I hear another rumble, but this time, it’s not coming from the sky. It’s coming from my stomach, gaping and hollow beneath the covers, and I remember with a sense of curious detachment that I haven’t eaten all day. I sit up and attempt to turn on the light, only when I twist the switch nothing happens, so I fling the covers from my legs before walking across my room and stepping into the hallway, following the familiar hum of voices upstairs.

“There she is,” Lucy says when I step into Sloane’s bedroom. The three of them are sitting on the floor in the dark surrounded by candles, Lucy flicking a lighter so close it looks like the flame is coming straight out of her fingers. “I was about to do a wellness check. Make sure you were still breathing.”

“Sorry,” I say, wincing a bit at her choice of words, though she doesn’t seem to notice. I walk over to join them, eyeing a skillet on the floor before glancing up. There’s a steady drip of rainwater erupting from a damp spot in the ceiling, each drop landing on the cast iron with a rhythmic plink. “Is the power out?”

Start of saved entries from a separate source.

lemma convex_hull_eq_if_max_attained:
  fixes P S :: "'a::euclidean_space set"
  assumes "convex P" and "S \<subseteq> P" and "compact S"
    and max: "\<And>w x. x \<in> P \<Longrightarrow> \<exists>s\<in>S. inner w x \<le> inner w s"
  shows "convex hull S = P"
proof
  show "convex hull S \<subseteq> P"
    using assms(1,2) by (rule hull_minimal[rotated])
  show "P \<subseteq> convex hull S"
  proof
    fix x assume "x \<in> P"
    show "x \<in> convex hull S"
    proof (rule ccontr)
      assume "x \<notin> convex hull S"
      moreover have "closed (convex hull S)"
        using assms(3) by (intro compact_imp_closed compact_convex_hull)
      ultimately obtain a b where "inner a x < b" "\<forall>z\<in>convex hull S. b < inner a z"
        using separating_hyperplane_closed_point[OF convex_convex_hull] by blast
      moreover obtain s where "s \<in> S" "inner (- a) x \<le> inner (- a) s"
        using max[OF \<open>x \<in> P\<close>] by blast
      ultimately show False
        using hull_inc[of s S] by fastforce
    qed
  qed
qed

lemma card_Un_diff_add_card_Int_diff_le:
  assumes "finite X" and "finite Y"
  shows "card ((X \<union> Y) - (B \<union> C)) + card ((X \<inter> Y) - (B \<inter> C)) \<le> card (X - B) + card (Y - C)"
proof -
  let ?P = "(X \<union> Y) - (B \<union> C)" and ?Q = "(X \<inter> Y) - (B \<inter> C)"
  have "card ?P + card ?Q = card (?P \<union> ?Q) + card (?P \<inter> ?Q)"
    using assms by (intro card_Un_Int) auto
  also have "\<dots> \<le> card ((X - B) \<union> (Y - C)) + card ((X - B) \<inter> (Y - C))"
    using assms by (intro add_mono card_mono) auto
  also have "\<dots> = card (X - B) + card (Y - C)"
    using assms by (intro card_Un_Int[symmetric]) auto
  finally show ?thesis .
qed

lemma vsum_set_eq_inner: "vsum_set x A = inner (char_vec A) x"
  unfolding vsum_set_def char_vec_def inner_vec_def by (simp add: of_bool_def[symmetric] sum.If_cases)

lemma vsum_set_char_vec: "vsum_set (char_vec I) A = real (card (I \<inter> A))"
  unfolding vsum_set_def char_vec_def by (simp add: sum.If_cases Int_commute)

lemma vsum_set_singleton: "vsum_set x {i} = x $ i"
  by (simp add: vsum_set_def)

lemma zero_one_vecs_eq_range_char_vec: "zero_one_vecs = range char_vec"
proof
  show "zero_one_vecs \<subseteq> range char_vec"
  proof
    fix x :: "real^'n" assume "x \<in> zero_one_vecs"
    then have "x = char_vec {i. x $ i = 1}"
      unfolding zero_one_vecs_def char_vec_def by (auto simp: vec_eq_iff)
    then show "x \<in> range char_vec" by blast
  qed
qed (auto simp: zero_one_vecs_def char_vec_def)

lemma unit_cube_eq_cbox: "unit_cube = cbox 0 1"
  by (auto simp: unit_cube_def mem_box_cart)

lemma convex_submod_polyhedron: "convex (submod_polyhedron D \<rho>)"
proof -
  have "submod_polyhedron D \<rho> = (\<Inter>A\<in>D. {x. inner (char_vec A) x \<le> real (\<rho> A)})"
    by (auto simp: submod_polyhedron_def vsum_set_eq_inner)
  then show ?thesis
    by (simp add: convex_INT convex_halfspace_le)
qed

lemma convex_base_polyhedron: "convex (base_polyhedron D \<rho>)"
proof -
  have "base_polyhedron D \<rho> =
      submod_polyhedron D \<rho> \<inter> {x. inner (char_vec UNIV) x = real (\<rho> UNIV)}"
    by (auto simp: base_polyhedron_def vsum_set_eq_inner)
  then show ?thesis
    by (simp add: convex_Int convex_submod_polyhedron convex_hyperplane)
qed

lemma vsum_set_mono_unit_cube: "x \<in> unit_cube \<Longrightarrow> X \<subseteq> Y \<Longrightarrow> vsum_set x X \<le> vsum_set x Y"
  unfolding vsum_set_def unit_cube_def by (rule sum_mono2) auto

lemma vsum_set_le_card_unit_cube: "x \<in> unit_cube \<Longrightarrow> vsum_set x X \<le> real (card X)"
  unfolding vsum_set_def unit_cube_def using sum_mono[of X "\<lambda>i. x $ i" "\<lambda>_. 1"] by auto

section \<open>Matroid rank functions and the greedy algorithm\<close>

locale matroid_rank =
  fixes r :: "'n::finite set \<Rightarrow> nat"
  assumes rank_empty: "r {} = 0"
    and rank_mono: "X \<subseteq> Y \<Longrightarrow> r X \<le> r Y"
    and rank_insert_le: "r (insert x X) \<le> r X + 1"
    and rank_submod: "r (X \<union> Y) + r (X \<inter> Y) \<le> r X + r Y"
begin

lemma rank_le_diff: "r X \<le> r Y + card (X - Y)"
proof -
  have "r (Y \<union> Z) \<le> r Y + card Z" for Z
    using finite[of Z]
  proof (induction Z rule: finite_induct)
    case (insert z Z)
    have "r (Y \<union> insert z Z) \<le> r (Y \<union> Z) + 1"
      using rank_insert_le[of z "Y \<union> Z"] by simp
    with insert show ?case
      by simp
  qed simp
  moreover have "r X \<le> r (Y \<union> (X - Y))"
    by (rule rank_mono) auto
  ultimately show ?thesis
    by (meson order_trans)
qed

lemma rank_le_card: "r X \<le> card X"
  using rank_le_diff[of X "{}"] by (simp add: rank_empty)

lemma independent_subset:
  assumes "r I = card I" and "J \<subseteq> I"
  shows "r J = card J"
proof -
  have "card I = card J + card (I - J)"
    using assms(2) by (metis card_Diff_subset card_mono finite le_add_diff_inverse)
  moreover have "r I \<le> r J + card (I - J)"
    by (rule rank_le_diff)
  ultimately show ?thesis
    using assms(1) rank_le_card[of J] by linarith
qed

lemma char_vec_independent_mem:
  assumes "r I = card I"
  shows "char_vec I \<in> submod_polyhedron UNIV r \<inter> unit_cube"
proof -
  have "card (I \<inter> X) \<le> r X" for X
    using independent_subset[OF assms, of "I \<inter> X"] rank_mono[of "I \<inter> X" X] by simp
  then have "char_vec I \<in> submod_polyhedron UNIV r"
    by (simp add: submod_polyhedron_def vsum_set_char_vec)
  moreover have "char_vec I \<in> unit_cube"
    by (simp add: unit_cube_def char_vec_def)
  ultimately show ?thesis
    by blast
qed

lemma base_polyhedron_subset_unit_cube: "base_polyhedron UNIV r \<subseteq> unit_cube"
proof
  fix x assume x: "x \<in> base_polyhedron UNIV r"
  then have le: "vsum_set x X \<le> real (r X)" for X
    by (simp add: base_polyhedron_def submod_polyhedron_def)
  have "0 \<le> x $ i \<and> x $ i \<le> 1" for i
  proof
    show "x $ i \<le> 1"
      using le[of "{i}"] rank_le_card[of "{i}"] by (simp add: vsum_set_singleton)
    have "vsum_set x UNIV = vsum_set x (UNIV - {i}) + x $ i"
      by (simp add: vsum_set_def sum.remove[of UNIV i] add.commute)
    moreover have "r (UNIV - {i}) \<le> r UNIV"
      by (rule rank_mono) simp
    ultimately show "0 \<le> x $ i"
      using x le[of "UNIV - {i}"] by (simp add: base_polyhedron_def)
  qed
  then show "x \<in> unit_cube"
    by (simp add: unit_cube_def)
qed

end

locale greedy_order = matroid_rank r for r :: "'n::finite set \<Rightarrow> nat" +
  fixes w :: "real^'n" and e :: "nat \<Rightarrow> 'n" and N :: nat
  assumes enum: "bij_betw e {..<N} UNIV"
    and weight_decreasing: "i \<le> j \<Longrightarrow> j < N \<Longrightarrow> w $ e j \<le> w $ e i"
begin

definition prefix :: "nat \<Rightarrow> 'n set" where
  "prefix j = e ` {..<j}"

definition greedy :: "nat \<Rightarrow> 'n set" where
  "greedy k = e ` {i. i < k \<and> r (prefix i) < r (prefix (Suc i))}"

lemma e_eq_iff: "i < N \<Longrightarrow> j < N \<Longrightarrow> e i = e j \<longleftrightarrow> i = j"
  using enum by (auto simp: bij_betw_def dest: inj_onD)

lemma prefix_Suc: "prefix (Suc j) = insert (e j) (prefix j)"
  by (simp add: prefix_def lessThan_Suc)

“Has been all day,” Sloane says, a sheen of sweat across her upper lip.

“Next door, too?” I ask, sitting down, wondering why they aren’t over there. They’re always over there, all four of us are, especially on gloomy days like today.

“No, but Nicole and Trevor are fighting.”

“When are they not fighting?” Lucy adds, and I can see Nicole’s jaw clench in the dark.

“I told you you could go without me,” she cuts in, but Sloane just leans over and nudges her shoulder, smiling, before turning back toward me.

“We didn’t want to go anywhere without you,” she says. “Are you hungry?”

“Starving,” I say, a little bubble of warmth blooming in my chest.

“We could go to Penny Lanes,” Lucy suggests, her eyes still trained on the flame.

I had learned about Lucy’s job earlier in the summer and something about it caught me off guard. Admittedly, Nicole and I don’t have to work. Our parents provide our rent and tuition, and while Sloane spends most afternoons doing admin for the registrar, Lucy devotes four nights a week to a hybrid bar and bowling alley downtown. It seemed so strange the first time she told me; I couldn’t picture her gliding around in retro roller skates with plastic cups of beer balanced on a tray, her skin slick with French fry grease as she cleaned up other people’s messes. Sneaking into the walk-in freezer, maybe, dragging her finger around the rim of a Jell-O shot before popping it into her mouth. From the outside, it always looked like the world was just given to Lucy—like she was owed it all for simply existing—so the mere suggestion that she had to actually work for something like everybody else was a contradiction so jarring it left me unmoored.

“It’s ten o’clock on a Sunday,” I say at last, looking around for confirmation before remembering all the clocks have stopped. Nobody answers, the room silent other than another crack of lightning followed by a low, slow rumble. “Isn’t it closed?”

Sloane smirks and I watch as the three of them exchange glances, something unsaid traveling between them, before Lucy leans over and purses her lips, a stream of breath extinguishing the last of the light between us.